Applicability domain

Developed QSARs also require the definition of the corresponding applicability domain (AD) for estimating the reliability in the prediction of a new molecule [53]. Predicted activity for only those compounds that fall into this domain may be considered reliable. AD may be determined by using several approaches [54]. Here, we used a common one based on the leverage values for each chemical [55] which are calculated as follows:

$$ {h}_i={x}_i^T{\left({X}^TX\right)}^{-1}{x}_i $$
(4)

where xi is the descriptor vector of the chemical i and X the model matrix derived from the training set descriptor values. A warning leverage h* is defined and expressed as \( {h}^{*}=\frac{3p}{n_{train}} \) where p is the number of model parameters [54]. A chemical belonging to the training set with both hi > h* and small standardized residuals (smaller than a value of 3 corresponding to 99 % of the normally distributed data) would reinforce the model; while high leverage compounds with large standardized residuals are expected to badly influence the model.
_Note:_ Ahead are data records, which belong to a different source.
lemma GammaI_1_bound_gdist_potential:
  assumes sg: "simple_graph V E" and cg: "connected_graph V E" and "K > 0"
    and curv: "\<forall>x\<in>V. ereal K \<le> BE_curv V E x" and "a \<in> V"
    and u: "\<forall>x\<in>V. laplacian V E u x = real (gdist E a x) - m" and "x \<in> V"
  shows "K^2 * GammaI V E 1 u u x \<le> real (Max (deg V E ` V)) / 2"
proof -
  have fin: "finite V"
    using simple_graph_finite[OF sg] .
  obtain x0 where x0: "x0 \<in> V" "\<forall>y\<in>V. GammaI V E 1 u u y \<le> GammaI V E 1 u u x0"
    using finite_attains_max[OF fin, of "GammaI V E 1 u u"] \<open>x \<in> V\<close> by blast
  have nbrs_sub: "nbrs V E x0 \<subseteq> V"
    by (auto simp: nbrs_def)
  have "K^2 * GammaI V E 1 u u x \<le> K^2 * GammaI V E 1 u u x0"
    using x0(2) \<open>x \<in> V\<close> by (simp add: mult_left_mono)
  also have "\<dots> \<le> real (deg V E x0) / 2"
  proof (rule GammaI_1_bound_at_max[OF \<open>K > 0\<close> curv[rule_format, OF x0(1)]])
    show "\<forall>y\<in>nbrs V E x0. GammaI V E 1 u u y \<le> GammaI V E 1 u u x0"
      using x0(2) nbrs_sub by blast
    show "\<forall>y\<in>insert x0 (nbrs V E x0). laplacian V E u y = real (gdist E a y) - m"
      using u x0(1) nbrs_sub by auto
    show "\<forall>y\<in>nbrs V E x0. \<bar>real (gdist E a y) - real (gdist E a x0)\<bar> \<le> 1"
      using gdist_edge_abs_le[OF sg cg \<open>a \<in> V\<close>] by (simp add: nbrs_def)
  qed
  also have "\<dots> \<le> real (Max (deg V E ` V)) / 2"
    using fin x0(1) by simp
  finally show ?thesis .
qed

lemma sum_gdist_le:
  assumes sg: "simple_graph V E" and cg: "connected_graph V E" and "K > 0"
    and curv: "\<forall>x\<in>V. ereal K \<le> BE_curv V E x" and "a \<in> V"
  shows "(\<Sum>y\<in>V. real (gdist E a y)) \<le> real (card V) * real (Max (deg V E ` V)) / K"
proof -
  define D where "D = real (Max (deg V E ` V))"
  define m where "m = (\<Sum>y\<in>V. real (gdist E a y)) / real (card V)"
  have card_pos: "real (card V) > 0"
    using connected_graph_card_pos[OF sg cg] by simp
  have "(\<Sum>x\<in>V. real (gdist E a x) - m) = 0"
    using card_pos by (simp add: sum_subtractf m_def)
  then obtain u where u: "\<forall>x\<in>V. laplacian V E u x = real (gdist E a x) - m"
    using exists_laplacian_eq[OF sg cg] by blast
  have grad: "K^2 * GammaI V E 1 u u a \<le> D / 2"
    unfolding D_def by (rule GammaI_1_bound_gdist_potential[OF assms u \<open>a \<in> V\<close>])
  have deg_le: "real (deg V E a) \<le> D"
    using simple_graph_finite[OF sg] \<open>a \<in> V\<close> by (simp add: D_def)
  \<comment> \<open>The potential vanishes at \<open>a\<close>, so the mean \<open>m\<close> is read off the Laplacian of \<open>u\<close> at \<open>a\<close>.\<close>
  have "(K * m)^2 = K^2 * (laplacian V E u a)^2"
    using u \<open>a \<in> V\<close> by (simp add: gdist_self power_mult_distrib)
  also have "\<dots> \<le> K^2 * (2 * real (deg V E a) * GammaI V E 1 u u a)"
    by (intro mult_left_mono laplacian_square_le) simp
  also have "\<dots> = 2 * real (deg V E a) * (K^2 * GammaI V E 1 u u a)"
    by (simp add: ac_simps)
  also have "\<dots> \<le> 2 * D * (D / 2)"
    using deg_le grad GammaI_1_self_nonneg[of V E u a] by (intro mult_mono) (auto simp: D_def)
  also have "\<dots> = D^2"
    by (simp add: power2_eq_square)
  finally have "K * m \<le> D"
    by (rule power2_le_imp_le) (simp add: D_def)
  then show ?thesis
    using card_pos \<open>K > 0\<close> by (simp add: m_def D_def field_simps)
qed

theorem theoremA1:
  fixes V :: "'a set" and E :: "'a \<Rightarrow> 'a \<Rightarrow> bool" and K :: real
  assumes "simple_graph V E"
    and "connected_graph V E"
    and "K > 0"
    and "\<forall>x\<in>V. ereal K \<le> BE_curv V E x"
  shows "eff_diam V E \<le> real (Max (deg V E ` V)) / K"
proof -
  define n where "n = real (card V)"
  define D where "D = real (Max (deg V E ` V))"
  have "n > 0"
    using connected_graph_card_pos[OF assms(1,2)] by (simp add: n_def)
  have "(\<Sum>x\<in>V. \<Sum>y\<in>V. real (gdist E x y)) \<le> (\<Sum>x\<in>V. n * D / K)"
    using sum_gdist_le[OF assms] by (intro sum_mono) (simp add: n_def D_def)
  then have "eff_diam V E \<le> n * (n * D / K) / n^2"
    unfolding eff_diam_def n_def by (intro divide_right_mono) auto
  also have "\<dots> = D / K"
    using \<open>n > 0\<close> by (simp add: power2_eq_square)
  finally show ?thesis
    by (simp add: D_def)
qed

end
The representation of the cross-validated standardized residuals vs the compound leverages is called the Williams plot and allows detecting both the response outliers and the structurally influential chemicals of a model.

ECOSAR

Several QSAR-based programs are available to predict the ecotoxicological risks associated with chemicals, such as ECOSAR, TOPKAT, DEREK, MCASE, ADAPT, etc. [56, 57]. ECOSAR is a freely available program which was developed on experimental data by the United States Environmental Protection Agency (US EPA). Moreover, due to its good predictive performances [58, 59], ECOSAR is widely used for chemicals risk assessment [10, 16, 5862]. Thus, in this work, the QSARs implemented in ECOSAR which are only based on LogP value and dedicated to neutral organics were used to predict invertebrate or algae pEC50. Neutral organic compounds correspond to alcohols, acetals, ketones, ethers, alkyl halides, aryl halides, aromatic hydrocarbons, halogenated aromatic hydrocarbons, halogenated aliphatic hydrocarbons, sulfides, and disulfides.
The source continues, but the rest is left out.